Segment Start: EXTRACTED DATA

(* Fix $\mathbf a=(a_\alpha)_{\alpha\in R^+}\in\mathbb Z_{\ge0}^{n(n-1)/2}$. Then the set $\{\overline{\mathbf f^{\mathbf s}}:\mathbf s\in S(\mathbf a)\}$ of images of the monomials $\mathbf f^{\mathbf s}$ spans $S(\mathfrak n^-)/\mathcal I(\mathbf a)$.
   Context: Let $\mathfrak{sl}_n=\mathfrak n^+\oplus\mathfrak h\oplus\mathfrak n^-$ with simple roots $\alpha_1,\dots,\alpha_{n-1}$ and positive roots $R^+=\{\alpha_{k,\ell}=\alpha_k+\dots+\alpha_\ell:1\le k\le\ell\le n-1\}$; $f_\alpha\in\mathfrak g_{-\alpha}$, $e_\alpha\in\mathfrak g_\alpha$ are root vectors. $S(\mathfrak n^-)$ is the symmetric algebra (polynomial ring) of $\mathfrak n^-$, identified with the associated graded algebra of $U(\mathfrak n^-)$ for the PBW filtration. $\mathfrak n^+$ acts on $\mathfrak n^-\cong\mathfrak{sl}_n/(\mathfrak n^+\oplus\mathfrak h)$ via the adjoint action (so $e_\alpha\circ f_\beta$ is a multiple of $f_{\beta-\alpha}$ if $\beta-\alpha\in R^+$ and $0$ otherwise), and this action is extended to $S(\mathfrak n^-)$ by derivations; denote it by $\circ$. For $\mathbf a=(a_\alpha)$, $\mathcal I(\mathbf a)\subset S(\mathfrak n^-)$ is the ideal generated by $\sum_{\alpha\in R^+}U(\mathfrak n^+)\circ f_\alpha^{a_\alpha+1}$. A Dyck path is a sequence $\mathbf p=(\beta_1,\dots,\beta_s)$, $s\ge1$, of positive roots such that if $\beta_i=\alpha_{k,\ell}$ then $\beta_{i+1}\in\{\alpha_{k+1,\ell},\alpha_{k,\ell+1}\}$; if $\beta_1=\alpha_{k_1,\ell_1}$ and $\beta_s=\alpha_{k_s,\ell_s}$, its base root is $\beta(\mathbf p)=\alpha_{k_1,\ell_s}$. Let $\mathcal P(\mathbf a)=\{(x_\alpha)\in\mathbb R^{n(n-1)/2}:\sum_{\alpha\in\mathbf p}x_\alpha\le a_{\beta(\mathbf p)}\text{ for all Dyck paths }\mathbf p\}$ and $S(\mathbf a)=\mathcal P(\mathbf a)\cap\mathbb Z_{\ge0}^{n(n-1)/2}$. For $\mathbf t=(t_\alpha)\in\mathbb Z_{\ge0}^{n(n-1)/2}$, $\mathbf f^{\mathbf t}=\prod_{\alpha\in R^+}f_\alpha^{t_\alpha}\in S(\mathfrak n^-)$. *)

theory Defs
  imports Complex_Main "HOL-Library.Poly_Mapping"
begin

text \<open>Positive roots alpha_{k,l} of sl_n are encoded as pairs (k,l) with 1 <= k <= l <= n-1.
  S(n^-) is the polynomial ring over the complex numbers in the variables f_(k,l),
  (k,l) positive roots; we realise it inside the polynomial ring
  ((nat*nat) =>0 nat) =>0 complex as the polynomials whose monomials only use
  variables indexed by positive roots.\<close>

type_synonym root = "nat \<times> nat"
type_synonym mono = "root \<Rightarrow>\<^sub>0 nat"
type_synonym poly = "mono \<Rightarrow>\<^sub>0 complex"

definition Rplus :: "nat \<Rightarrow> root set" where
  "Rplus n = {(k, l). 1 \<le> k \<and> k \<le> l \<and> l \<le> n - 1}"

definition Sn :: "nat \<Rightarrow> poly set" where
  "Sn n = {p. \<forall>m \<in> Poly_Mapping.keys p. Poly_Mapping.keys m \<subseteq> Rplus n}"

definition fvar :: "root \<Rightarrow> poly" where
  "fvar \<beta> = Poly_Mapping.single (Poly_Mapping.single \<beta> 1) 1"

definition fmon :: "mono \<Rightarrow> poly" where
  "fmon t = Poly_Mapping.single t 1"

definition const_poly :: "complex \<Rightarrow> poly" where
  "const_poly c = Poly_Mapping.single 0 c"

definition mpderiv :: "root \<Rightarrow> poly \<Rightarrow> poly" where
  "mpderiv \<beta> p = (\<Sum>m \<in> Poly_Mapping.keys p.
      Poly_Mapping.single (m - Poly_Mapping.single \<beta> 1)
        (Poly_Mapping.lookup p m * of_nat (Poly_Mapping.lookup m \<beta>)))"

text \<open>Adjoint action of e_alpha on f_beta in sl_n / (n^+ + h), with the Chevalley
  basis e_{alpha_{i,j}} = E_{i,j+1}, f_{alpha_{k,l}} = E_{l+1,k}:
  [E_{i,j+1}, E_{l+1,k}] = delta_{j,l} E_{i,k} - delta_{i,k} E_{l+1,j+1},
  and only strictly lower triangular parts survive the projection.\<close>
definition e_on_f :: "root \<Rightarrow> root \<Rightarrow> poly" where
  "e_on_f \<alpha> \<beta> = (case \<alpha> of (i, j) \<Rightarrow> case \<beta> of (k, l) \<Rightarrow>
      if j = l \<and> k < i then fvar (k, i - 1)
      else if i = k \<and> j < l then - fvar (j + 1, l)
      else 0)"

Segment End: EXTRACTED DATA

WHAT THE TASK REQUIRES:
When you answer, output all of the material exactly as it appears above.

ANSWER TO THE EXERCISE:
(* Fix $\mathbf a=(a_\alpha)_{\alpha\in R^+}\in\mathbb Z_{\ge0}^{n(n-1)/2}$. Then the set $\{\overline{\mathbf f^{\mathbf s}}:\mathbf s\in S(\mathbf a)\}$ of images of the monomials $\mathbf f^{\mathbf s}$ spans $S(\mathfrak n^-)/\mathcal I(\mathbf a)$.
   Context: Let $\mathfrak{sl}_n=\mathfrak n^+\oplus\mathfrak h\oplus\mathfrak n^-$ with simple roots $\alpha_1,\dots,\alpha_{n-1}$ and positive roots $R^+=\{\alpha_{k,\ell}=\alpha_k+\dots+\alpha_\ell:1\le k\le\ell\le n-1\}$; $f_\alpha\in\mathfrak g_{-\alpha}$, $e_\alpha\in\mathfrak g_\alpha$ are root vectors. $S(\mathfrak n^-)$ is the symmetric algebra (polynomial ring) of $\mathfrak n^-$, identified with the associated graded algebra of $U(\mathfrak n^-)$ for the PBW filtration. $\mathfrak n^+$ acts on $\mathfrak n^-\cong\mathfrak{sl}_n/(\mathfrak n^+\oplus\mathfrak h)$ via the adjoint action (so $e_\alpha\circ f_\beta$ is a multiple of $f_{\beta-\alpha}$ if $\beta-\alpha\in R^+$ and $0$ otherwise), and this action is extended to $S(\mathfrak n^-)$ by derivations; denote it by $\circ$. For $\mathbf a=(a_\alpha)$, $\mathcal I(\mathbf a)\subset S(\mathfrak n^-)$ is the ideal generated by $\sum_{\alpha\in R^+}U(\mathfrak n^+)\circ f_\alpha^{a_\alpha+1}$. A Dyck path is a sequence $\mathbf p=(\beta_1,\dots,\beta_s)$, $s\ge1$, of positive roots such that if $\beta_i=\alpha_{k,\ell}$ then $\beta_{i+1}\in\{\alpha_{k+1,\ell},\alpha_{k,\ell+1}\}$; if $\beta_1=\alpha_{k_1,\ell_1}$ and $\beta_s=\alpha_{k_s,\ell_s}$, its base root is $\beta(\mathbf p)=\alpha_{k_1,\ell_s}$. Let $\mathcal P(\mathbf a)=\{(x_\alpha)\in\mathbb R^{n(n-1)/2}:\sum_{\alpha\in\mathbf p}x_\alpha\le a_{\beta(\mathbf p)}\text{ for all Dyck paths }\mathbf p\}$ and $S(\mathbf a)=\mathcal P(\mathbf a)\cap\mathbb Z_{\ge0}^{n(n-1)/2}$. For $\mathbf t=(t_\alpha)\in\mathbb Z_{\ge0}^{n(n-1)/2}$, $\mathbf f^{\mathbf t}=\prod_{\alpha\in R^+}f_\alpha^{t_\alpha}\in S(\mathfrak n^-)$. *)

theory Defs
  imports Complex_Main "HOL-Library.Poly_Mapping"
begin

text \<open>Positive roots alpha_{k,l} of sl_n are encoded as pairs (k,l) with 1 <= k <= l <= n-1.
  S(n^-) is the polynomial ring over the complex numbers in the variables f_(k,l),
  (k,l) positive roots; we realise it inside the polynomial ring
  ((nat*nat) =>0 nat) =>0 complex as the polynomials whose monomials only use
  variables indexed by positive roots.\<close>

type_synonym root = "nat \<times> nat"
type_synonym mono = "root \<Rightarrow>\<^sub>0 nat"
type_synonym poly = "mono \<Rightarrow>\<^sub>0 complex"

definition Rplus :: "nat \<Rightarrow> root set" where
  "Rplus n = {(k, l). 1 \<le> k \<and> k \<le> l \<and> l \<le> n - 1}"

definition Sn :: "nat \<Rightarrow> poly set" where
  "Sn n = {p. \<forall>m \<in> Poly_Mapping.keys p. Poly_Mapping.keys m \<subseteq> Rplus n}"

definition fvar :: "root \<Rightarrow> poly" where
  "fvar \<beta> = Poly_Mapping.single (Poly_Mapping.single \<beta> 1) 1"

definition fmon :: "mono \<Rightarrow> poly" where
  "fmon t = Poly_Mapping.single t 1"

definition const_poly :: "complex \<Rightarrow> poly" where
  "const_poly c = Poly_Mapping.single 0 c"

definition mpderiv :: "root \<Rightarrow> poly \<Rightarrow> poly" where
  "mpderiv \<beta> p = (\<Sum>m \<in> Poly_Mapping.keys p.
      Poly_Mapping.single (m - Poly_Mapping.single \<beta> 1)
        (Poly_Mapping.lookup p m * of_nat (Poly_Mapping.lookup m \<beta>)))"

text \<open>Adjoint action of e_alpha on f_beta in sl_n / (n^+ + h), with the Chevalley
  basis e_{alpha_{i,j}} = E_{i,j+1}, f_{alpha_{k,l}} = E_{l+1,k}:
  [E_{i,j+1}, E_{l+1,k}] = delta_{j,l} E_{i,k} - delta_{i,k} E_{l+1,j+1},
  and only strictly lower triangular parts survive the projection.\<close>
definition e_on_f :: "root \<Rightarrow> root \<Rightarrow> poly" where
  "e_on_f \<alpha> \<beta> = (case \<alpha> of (i, j) \<Rightarrow> case \<beta> of (k, l) \<Rightarrow>
      if j = l \<and> k < i then fvar (k, i - 1)
      else if i = k \<and> j < l then - fvar (j + 1, l)
      else 0)"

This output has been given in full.